→ **ACTIVITY**: Search the data for the string "False", and report each line where it is found.

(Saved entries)
• • • • • • •

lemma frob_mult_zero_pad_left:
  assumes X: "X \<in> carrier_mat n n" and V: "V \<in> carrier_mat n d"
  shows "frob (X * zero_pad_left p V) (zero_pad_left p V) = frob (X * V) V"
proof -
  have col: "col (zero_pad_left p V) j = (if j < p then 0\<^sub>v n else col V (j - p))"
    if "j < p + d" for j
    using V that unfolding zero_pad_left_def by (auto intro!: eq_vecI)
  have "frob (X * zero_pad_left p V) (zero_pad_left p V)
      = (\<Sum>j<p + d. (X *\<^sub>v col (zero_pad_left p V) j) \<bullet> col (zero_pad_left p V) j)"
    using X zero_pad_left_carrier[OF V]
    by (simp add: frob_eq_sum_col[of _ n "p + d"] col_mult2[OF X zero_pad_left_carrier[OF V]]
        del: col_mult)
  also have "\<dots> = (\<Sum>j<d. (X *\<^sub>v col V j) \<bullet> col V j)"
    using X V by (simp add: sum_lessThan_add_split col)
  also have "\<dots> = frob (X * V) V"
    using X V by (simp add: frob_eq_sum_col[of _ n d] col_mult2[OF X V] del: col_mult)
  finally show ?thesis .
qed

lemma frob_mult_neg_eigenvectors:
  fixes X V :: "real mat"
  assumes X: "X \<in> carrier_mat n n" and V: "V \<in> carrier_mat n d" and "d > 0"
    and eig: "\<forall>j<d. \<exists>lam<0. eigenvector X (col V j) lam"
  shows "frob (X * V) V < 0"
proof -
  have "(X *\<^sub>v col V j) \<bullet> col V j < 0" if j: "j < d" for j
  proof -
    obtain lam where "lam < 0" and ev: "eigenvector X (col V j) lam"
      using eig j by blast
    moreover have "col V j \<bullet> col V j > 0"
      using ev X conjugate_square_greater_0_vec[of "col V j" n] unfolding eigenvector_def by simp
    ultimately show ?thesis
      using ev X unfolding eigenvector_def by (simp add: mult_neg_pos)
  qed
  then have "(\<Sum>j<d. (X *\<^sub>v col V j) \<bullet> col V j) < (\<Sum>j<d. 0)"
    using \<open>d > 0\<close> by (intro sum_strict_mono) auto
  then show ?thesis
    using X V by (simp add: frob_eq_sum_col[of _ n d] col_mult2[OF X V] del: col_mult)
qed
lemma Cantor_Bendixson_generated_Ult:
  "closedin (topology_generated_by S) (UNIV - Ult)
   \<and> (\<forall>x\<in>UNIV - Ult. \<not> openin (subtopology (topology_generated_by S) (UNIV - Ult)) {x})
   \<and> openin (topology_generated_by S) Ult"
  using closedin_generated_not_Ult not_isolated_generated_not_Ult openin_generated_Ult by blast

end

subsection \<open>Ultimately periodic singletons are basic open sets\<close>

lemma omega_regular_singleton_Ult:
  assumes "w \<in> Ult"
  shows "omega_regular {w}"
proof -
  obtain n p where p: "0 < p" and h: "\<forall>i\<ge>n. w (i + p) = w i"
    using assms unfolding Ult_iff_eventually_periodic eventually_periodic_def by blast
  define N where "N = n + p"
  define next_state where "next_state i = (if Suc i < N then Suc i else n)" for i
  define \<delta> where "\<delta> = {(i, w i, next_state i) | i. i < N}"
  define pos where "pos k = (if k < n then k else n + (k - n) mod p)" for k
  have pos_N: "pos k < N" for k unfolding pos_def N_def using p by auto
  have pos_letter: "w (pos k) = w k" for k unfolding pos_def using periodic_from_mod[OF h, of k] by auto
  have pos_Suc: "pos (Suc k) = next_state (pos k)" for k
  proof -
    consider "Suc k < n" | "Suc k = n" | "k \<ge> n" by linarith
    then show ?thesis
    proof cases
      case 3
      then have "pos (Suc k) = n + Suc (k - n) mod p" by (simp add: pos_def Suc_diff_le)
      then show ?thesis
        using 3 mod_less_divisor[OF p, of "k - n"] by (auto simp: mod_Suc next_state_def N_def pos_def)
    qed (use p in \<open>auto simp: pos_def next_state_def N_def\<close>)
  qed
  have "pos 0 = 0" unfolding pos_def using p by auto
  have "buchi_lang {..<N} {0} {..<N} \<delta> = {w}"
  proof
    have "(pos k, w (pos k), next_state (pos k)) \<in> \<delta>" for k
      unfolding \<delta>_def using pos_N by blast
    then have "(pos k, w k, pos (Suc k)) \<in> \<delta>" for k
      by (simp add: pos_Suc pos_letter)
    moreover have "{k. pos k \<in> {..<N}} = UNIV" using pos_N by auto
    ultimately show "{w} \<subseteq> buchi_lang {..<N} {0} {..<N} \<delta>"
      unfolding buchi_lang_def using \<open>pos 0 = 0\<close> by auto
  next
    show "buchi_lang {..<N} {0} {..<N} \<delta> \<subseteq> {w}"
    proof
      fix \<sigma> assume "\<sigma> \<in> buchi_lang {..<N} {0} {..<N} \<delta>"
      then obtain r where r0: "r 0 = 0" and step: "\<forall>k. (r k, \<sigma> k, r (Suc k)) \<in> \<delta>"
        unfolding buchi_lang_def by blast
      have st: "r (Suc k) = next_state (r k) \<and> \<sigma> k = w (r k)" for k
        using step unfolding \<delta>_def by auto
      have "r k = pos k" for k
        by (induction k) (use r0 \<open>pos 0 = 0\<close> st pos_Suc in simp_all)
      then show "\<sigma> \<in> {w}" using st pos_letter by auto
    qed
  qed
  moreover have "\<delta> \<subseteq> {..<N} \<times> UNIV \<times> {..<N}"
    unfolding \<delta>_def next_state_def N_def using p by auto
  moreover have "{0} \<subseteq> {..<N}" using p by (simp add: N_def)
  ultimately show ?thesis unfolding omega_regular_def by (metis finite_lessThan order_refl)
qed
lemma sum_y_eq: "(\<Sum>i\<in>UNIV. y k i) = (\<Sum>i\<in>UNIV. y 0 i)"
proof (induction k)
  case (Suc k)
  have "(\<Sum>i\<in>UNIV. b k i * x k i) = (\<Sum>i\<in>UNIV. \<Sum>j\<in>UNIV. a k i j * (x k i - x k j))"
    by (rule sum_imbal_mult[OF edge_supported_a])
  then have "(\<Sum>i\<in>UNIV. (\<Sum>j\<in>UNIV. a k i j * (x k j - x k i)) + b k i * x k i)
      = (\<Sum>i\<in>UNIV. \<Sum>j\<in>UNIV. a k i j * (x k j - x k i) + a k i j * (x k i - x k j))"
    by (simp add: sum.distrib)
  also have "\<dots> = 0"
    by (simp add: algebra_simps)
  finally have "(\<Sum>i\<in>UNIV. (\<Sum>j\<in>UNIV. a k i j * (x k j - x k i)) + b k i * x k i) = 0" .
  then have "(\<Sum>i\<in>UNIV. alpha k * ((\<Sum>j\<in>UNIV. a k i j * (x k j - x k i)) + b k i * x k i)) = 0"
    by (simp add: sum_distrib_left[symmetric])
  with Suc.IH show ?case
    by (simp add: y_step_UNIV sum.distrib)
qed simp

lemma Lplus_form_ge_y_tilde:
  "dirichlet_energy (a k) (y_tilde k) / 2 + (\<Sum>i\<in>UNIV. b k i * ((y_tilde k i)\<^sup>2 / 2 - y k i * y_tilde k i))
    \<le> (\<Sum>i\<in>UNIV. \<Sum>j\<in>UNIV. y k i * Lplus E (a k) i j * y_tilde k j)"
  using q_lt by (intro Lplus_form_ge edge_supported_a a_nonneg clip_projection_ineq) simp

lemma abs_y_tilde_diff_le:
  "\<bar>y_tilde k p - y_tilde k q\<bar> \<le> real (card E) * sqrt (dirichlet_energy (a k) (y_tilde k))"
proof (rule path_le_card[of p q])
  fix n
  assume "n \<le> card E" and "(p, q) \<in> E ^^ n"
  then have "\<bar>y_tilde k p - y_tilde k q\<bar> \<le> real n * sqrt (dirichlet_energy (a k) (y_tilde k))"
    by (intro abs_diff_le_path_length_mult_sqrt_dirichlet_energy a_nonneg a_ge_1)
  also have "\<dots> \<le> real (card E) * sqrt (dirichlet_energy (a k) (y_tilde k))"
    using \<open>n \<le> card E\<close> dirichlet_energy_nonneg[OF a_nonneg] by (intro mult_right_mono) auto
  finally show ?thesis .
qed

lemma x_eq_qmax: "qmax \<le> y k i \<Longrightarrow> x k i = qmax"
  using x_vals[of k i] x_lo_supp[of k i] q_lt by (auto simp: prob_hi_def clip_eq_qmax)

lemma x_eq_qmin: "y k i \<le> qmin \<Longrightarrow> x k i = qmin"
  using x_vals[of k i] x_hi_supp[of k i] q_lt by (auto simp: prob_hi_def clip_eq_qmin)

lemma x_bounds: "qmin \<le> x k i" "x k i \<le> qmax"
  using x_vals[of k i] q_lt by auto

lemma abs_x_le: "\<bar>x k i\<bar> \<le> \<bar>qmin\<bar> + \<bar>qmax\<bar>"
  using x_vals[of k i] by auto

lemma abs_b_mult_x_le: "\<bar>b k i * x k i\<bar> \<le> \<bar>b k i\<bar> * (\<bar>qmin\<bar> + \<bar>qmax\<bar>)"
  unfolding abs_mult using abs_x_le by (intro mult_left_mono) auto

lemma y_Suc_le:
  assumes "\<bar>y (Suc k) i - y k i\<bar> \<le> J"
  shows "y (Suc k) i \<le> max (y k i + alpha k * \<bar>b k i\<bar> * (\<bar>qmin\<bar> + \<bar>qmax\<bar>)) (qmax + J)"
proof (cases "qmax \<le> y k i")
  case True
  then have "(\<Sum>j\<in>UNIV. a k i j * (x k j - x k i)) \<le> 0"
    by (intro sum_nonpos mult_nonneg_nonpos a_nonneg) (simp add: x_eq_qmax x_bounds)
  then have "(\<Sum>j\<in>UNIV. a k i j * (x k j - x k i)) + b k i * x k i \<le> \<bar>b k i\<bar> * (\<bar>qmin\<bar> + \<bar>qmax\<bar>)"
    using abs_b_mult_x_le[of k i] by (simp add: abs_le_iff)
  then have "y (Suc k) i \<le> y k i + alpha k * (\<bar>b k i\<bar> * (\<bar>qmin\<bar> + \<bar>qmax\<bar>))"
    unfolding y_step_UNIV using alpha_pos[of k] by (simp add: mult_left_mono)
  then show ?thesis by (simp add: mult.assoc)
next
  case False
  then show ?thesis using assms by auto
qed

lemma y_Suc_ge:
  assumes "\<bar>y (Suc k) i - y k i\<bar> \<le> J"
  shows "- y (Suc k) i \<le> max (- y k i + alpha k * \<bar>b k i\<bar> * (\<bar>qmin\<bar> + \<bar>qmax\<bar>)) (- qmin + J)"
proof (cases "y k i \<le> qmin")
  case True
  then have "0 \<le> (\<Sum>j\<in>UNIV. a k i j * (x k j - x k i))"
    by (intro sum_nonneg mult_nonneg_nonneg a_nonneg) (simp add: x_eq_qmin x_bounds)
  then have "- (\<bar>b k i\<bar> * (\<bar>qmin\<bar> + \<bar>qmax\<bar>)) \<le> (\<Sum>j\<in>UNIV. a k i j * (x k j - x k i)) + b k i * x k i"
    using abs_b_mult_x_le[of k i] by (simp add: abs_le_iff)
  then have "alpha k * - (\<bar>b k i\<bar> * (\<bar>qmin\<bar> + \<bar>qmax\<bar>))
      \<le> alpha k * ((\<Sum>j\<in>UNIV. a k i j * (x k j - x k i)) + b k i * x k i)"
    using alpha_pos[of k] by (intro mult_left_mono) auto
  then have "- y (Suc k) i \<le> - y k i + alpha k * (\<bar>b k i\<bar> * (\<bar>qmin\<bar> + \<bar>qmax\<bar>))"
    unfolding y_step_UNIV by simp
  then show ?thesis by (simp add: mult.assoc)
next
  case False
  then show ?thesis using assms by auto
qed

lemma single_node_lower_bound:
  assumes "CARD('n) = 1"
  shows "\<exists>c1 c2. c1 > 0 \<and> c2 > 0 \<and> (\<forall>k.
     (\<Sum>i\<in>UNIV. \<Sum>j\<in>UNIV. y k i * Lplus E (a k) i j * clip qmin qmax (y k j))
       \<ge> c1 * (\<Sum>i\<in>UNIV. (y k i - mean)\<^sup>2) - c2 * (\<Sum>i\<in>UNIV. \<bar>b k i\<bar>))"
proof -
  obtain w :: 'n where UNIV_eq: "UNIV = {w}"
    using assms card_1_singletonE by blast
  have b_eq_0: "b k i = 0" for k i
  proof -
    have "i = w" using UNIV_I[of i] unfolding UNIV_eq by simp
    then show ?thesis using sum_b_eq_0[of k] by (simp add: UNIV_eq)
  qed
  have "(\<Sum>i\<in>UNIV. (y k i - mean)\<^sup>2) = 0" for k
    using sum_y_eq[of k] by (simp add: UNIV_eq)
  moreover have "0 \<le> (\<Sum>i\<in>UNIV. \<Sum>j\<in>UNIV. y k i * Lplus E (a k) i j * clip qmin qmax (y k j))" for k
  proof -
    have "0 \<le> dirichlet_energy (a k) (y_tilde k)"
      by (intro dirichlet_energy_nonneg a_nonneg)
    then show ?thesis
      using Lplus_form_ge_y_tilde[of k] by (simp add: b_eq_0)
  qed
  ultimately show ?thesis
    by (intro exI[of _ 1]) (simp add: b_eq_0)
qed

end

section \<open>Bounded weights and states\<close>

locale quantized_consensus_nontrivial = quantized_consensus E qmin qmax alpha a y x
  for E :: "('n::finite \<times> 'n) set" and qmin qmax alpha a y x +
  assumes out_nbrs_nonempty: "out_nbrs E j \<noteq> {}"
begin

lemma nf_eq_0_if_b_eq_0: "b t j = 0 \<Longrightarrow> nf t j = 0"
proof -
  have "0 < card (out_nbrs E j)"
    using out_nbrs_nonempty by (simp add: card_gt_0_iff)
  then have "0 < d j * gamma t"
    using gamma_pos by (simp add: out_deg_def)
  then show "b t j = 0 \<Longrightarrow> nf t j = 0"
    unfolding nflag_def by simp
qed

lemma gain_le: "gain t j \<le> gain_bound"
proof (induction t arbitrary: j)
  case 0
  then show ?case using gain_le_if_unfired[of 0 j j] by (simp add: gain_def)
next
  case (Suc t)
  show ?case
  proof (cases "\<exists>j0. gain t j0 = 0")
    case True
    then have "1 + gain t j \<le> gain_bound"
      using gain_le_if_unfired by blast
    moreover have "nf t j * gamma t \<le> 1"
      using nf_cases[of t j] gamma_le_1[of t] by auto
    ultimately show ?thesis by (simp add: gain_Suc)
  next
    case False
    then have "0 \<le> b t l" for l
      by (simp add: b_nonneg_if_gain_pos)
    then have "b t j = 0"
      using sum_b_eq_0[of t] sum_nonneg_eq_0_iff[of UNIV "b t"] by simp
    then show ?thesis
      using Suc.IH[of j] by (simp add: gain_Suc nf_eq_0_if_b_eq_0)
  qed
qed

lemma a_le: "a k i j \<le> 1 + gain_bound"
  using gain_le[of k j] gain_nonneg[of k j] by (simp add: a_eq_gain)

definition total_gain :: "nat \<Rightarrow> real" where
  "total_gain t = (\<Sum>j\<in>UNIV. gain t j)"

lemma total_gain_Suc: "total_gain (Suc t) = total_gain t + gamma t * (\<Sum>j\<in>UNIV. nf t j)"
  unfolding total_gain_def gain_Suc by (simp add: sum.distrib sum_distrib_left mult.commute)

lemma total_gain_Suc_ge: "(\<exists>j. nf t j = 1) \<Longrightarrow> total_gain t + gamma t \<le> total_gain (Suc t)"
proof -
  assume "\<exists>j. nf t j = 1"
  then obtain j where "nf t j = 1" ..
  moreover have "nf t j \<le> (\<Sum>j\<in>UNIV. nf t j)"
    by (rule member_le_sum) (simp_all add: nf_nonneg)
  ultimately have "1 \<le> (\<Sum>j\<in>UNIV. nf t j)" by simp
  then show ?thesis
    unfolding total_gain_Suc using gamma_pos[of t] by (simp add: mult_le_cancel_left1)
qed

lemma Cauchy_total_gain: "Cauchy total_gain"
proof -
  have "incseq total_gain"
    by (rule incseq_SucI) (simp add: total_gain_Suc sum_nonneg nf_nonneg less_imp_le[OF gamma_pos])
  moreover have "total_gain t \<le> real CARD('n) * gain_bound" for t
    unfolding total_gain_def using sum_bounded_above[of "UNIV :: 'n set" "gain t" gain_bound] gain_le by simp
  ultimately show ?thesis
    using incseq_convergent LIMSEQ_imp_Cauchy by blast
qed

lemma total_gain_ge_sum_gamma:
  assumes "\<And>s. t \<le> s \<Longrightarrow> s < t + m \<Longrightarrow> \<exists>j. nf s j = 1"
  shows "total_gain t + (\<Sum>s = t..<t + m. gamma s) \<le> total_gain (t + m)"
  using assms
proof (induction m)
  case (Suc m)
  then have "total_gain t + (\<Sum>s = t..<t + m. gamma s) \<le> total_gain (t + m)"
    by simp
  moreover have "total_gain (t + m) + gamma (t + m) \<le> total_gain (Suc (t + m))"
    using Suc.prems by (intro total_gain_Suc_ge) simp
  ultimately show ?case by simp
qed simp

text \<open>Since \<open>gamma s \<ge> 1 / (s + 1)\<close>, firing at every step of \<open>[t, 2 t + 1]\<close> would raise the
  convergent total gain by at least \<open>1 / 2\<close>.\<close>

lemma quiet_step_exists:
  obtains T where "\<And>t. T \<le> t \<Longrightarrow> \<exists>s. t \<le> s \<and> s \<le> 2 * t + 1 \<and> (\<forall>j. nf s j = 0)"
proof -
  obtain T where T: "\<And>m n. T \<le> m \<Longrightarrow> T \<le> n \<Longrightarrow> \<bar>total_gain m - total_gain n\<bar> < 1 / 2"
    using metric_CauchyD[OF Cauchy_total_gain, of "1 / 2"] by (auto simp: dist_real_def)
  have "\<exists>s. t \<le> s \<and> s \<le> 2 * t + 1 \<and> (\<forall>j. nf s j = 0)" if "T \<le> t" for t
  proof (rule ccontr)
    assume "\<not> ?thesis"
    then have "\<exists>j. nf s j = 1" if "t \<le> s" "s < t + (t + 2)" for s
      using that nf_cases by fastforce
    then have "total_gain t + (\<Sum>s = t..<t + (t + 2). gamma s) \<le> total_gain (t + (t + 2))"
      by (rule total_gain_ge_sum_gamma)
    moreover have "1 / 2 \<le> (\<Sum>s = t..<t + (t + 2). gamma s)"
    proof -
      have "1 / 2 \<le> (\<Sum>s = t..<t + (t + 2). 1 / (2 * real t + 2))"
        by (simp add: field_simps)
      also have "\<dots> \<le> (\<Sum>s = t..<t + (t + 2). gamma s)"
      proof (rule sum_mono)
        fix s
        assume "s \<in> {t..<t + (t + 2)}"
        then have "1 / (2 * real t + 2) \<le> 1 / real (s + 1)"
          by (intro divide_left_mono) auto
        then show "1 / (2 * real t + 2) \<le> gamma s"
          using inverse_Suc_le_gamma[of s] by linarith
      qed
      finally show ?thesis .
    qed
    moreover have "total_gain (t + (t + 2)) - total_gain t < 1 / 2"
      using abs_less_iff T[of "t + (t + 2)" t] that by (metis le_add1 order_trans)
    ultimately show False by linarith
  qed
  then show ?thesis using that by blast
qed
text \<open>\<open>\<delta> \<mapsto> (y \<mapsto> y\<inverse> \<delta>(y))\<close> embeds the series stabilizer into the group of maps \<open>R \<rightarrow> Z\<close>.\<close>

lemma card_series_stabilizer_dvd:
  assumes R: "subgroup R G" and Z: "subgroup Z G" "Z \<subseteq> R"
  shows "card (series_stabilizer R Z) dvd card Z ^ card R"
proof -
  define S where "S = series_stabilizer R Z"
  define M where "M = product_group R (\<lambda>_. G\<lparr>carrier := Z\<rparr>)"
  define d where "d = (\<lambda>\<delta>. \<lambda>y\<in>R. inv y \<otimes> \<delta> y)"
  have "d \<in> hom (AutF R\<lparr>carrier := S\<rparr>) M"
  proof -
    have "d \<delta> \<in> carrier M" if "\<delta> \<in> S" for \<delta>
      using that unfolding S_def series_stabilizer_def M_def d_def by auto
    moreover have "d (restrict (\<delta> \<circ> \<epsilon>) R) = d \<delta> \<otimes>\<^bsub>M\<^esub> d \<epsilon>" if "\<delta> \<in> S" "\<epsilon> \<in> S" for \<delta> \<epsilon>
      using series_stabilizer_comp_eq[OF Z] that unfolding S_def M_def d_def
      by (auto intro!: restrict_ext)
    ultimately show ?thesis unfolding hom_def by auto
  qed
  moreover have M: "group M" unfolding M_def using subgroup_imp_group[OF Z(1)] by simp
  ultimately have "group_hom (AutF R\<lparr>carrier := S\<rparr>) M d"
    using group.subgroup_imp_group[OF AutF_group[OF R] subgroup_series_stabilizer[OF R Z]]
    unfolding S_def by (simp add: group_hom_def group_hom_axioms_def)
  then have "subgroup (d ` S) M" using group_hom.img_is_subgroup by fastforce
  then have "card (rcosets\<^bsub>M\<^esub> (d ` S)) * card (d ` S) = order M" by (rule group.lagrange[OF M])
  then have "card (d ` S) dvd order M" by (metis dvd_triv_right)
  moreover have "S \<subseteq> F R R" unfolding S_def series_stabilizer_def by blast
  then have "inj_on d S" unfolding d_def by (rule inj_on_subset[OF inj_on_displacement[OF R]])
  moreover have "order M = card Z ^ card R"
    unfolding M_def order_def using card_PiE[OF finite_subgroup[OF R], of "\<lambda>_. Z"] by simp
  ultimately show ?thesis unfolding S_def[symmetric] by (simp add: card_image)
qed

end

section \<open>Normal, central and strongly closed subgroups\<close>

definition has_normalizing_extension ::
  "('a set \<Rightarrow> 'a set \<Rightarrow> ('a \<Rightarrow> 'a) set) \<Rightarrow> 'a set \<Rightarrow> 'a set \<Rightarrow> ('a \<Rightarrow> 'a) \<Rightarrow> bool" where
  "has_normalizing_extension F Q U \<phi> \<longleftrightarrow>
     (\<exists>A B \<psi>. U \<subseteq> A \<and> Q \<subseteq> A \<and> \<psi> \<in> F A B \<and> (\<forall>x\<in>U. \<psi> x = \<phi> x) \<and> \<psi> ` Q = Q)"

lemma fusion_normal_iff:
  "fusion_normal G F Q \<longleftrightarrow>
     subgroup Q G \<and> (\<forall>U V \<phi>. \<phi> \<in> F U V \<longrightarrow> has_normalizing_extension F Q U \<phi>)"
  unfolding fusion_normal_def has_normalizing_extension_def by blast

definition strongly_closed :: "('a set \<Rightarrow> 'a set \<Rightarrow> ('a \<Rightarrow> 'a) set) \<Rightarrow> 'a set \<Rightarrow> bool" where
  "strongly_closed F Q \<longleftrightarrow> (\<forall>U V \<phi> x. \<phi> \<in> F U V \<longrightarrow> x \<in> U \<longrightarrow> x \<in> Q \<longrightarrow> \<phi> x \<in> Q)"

• • • • • • •

→ **SOLUTION FOR THIS EXERCISE**:
  case False
  case False
    case False
    ultimately show False by linarith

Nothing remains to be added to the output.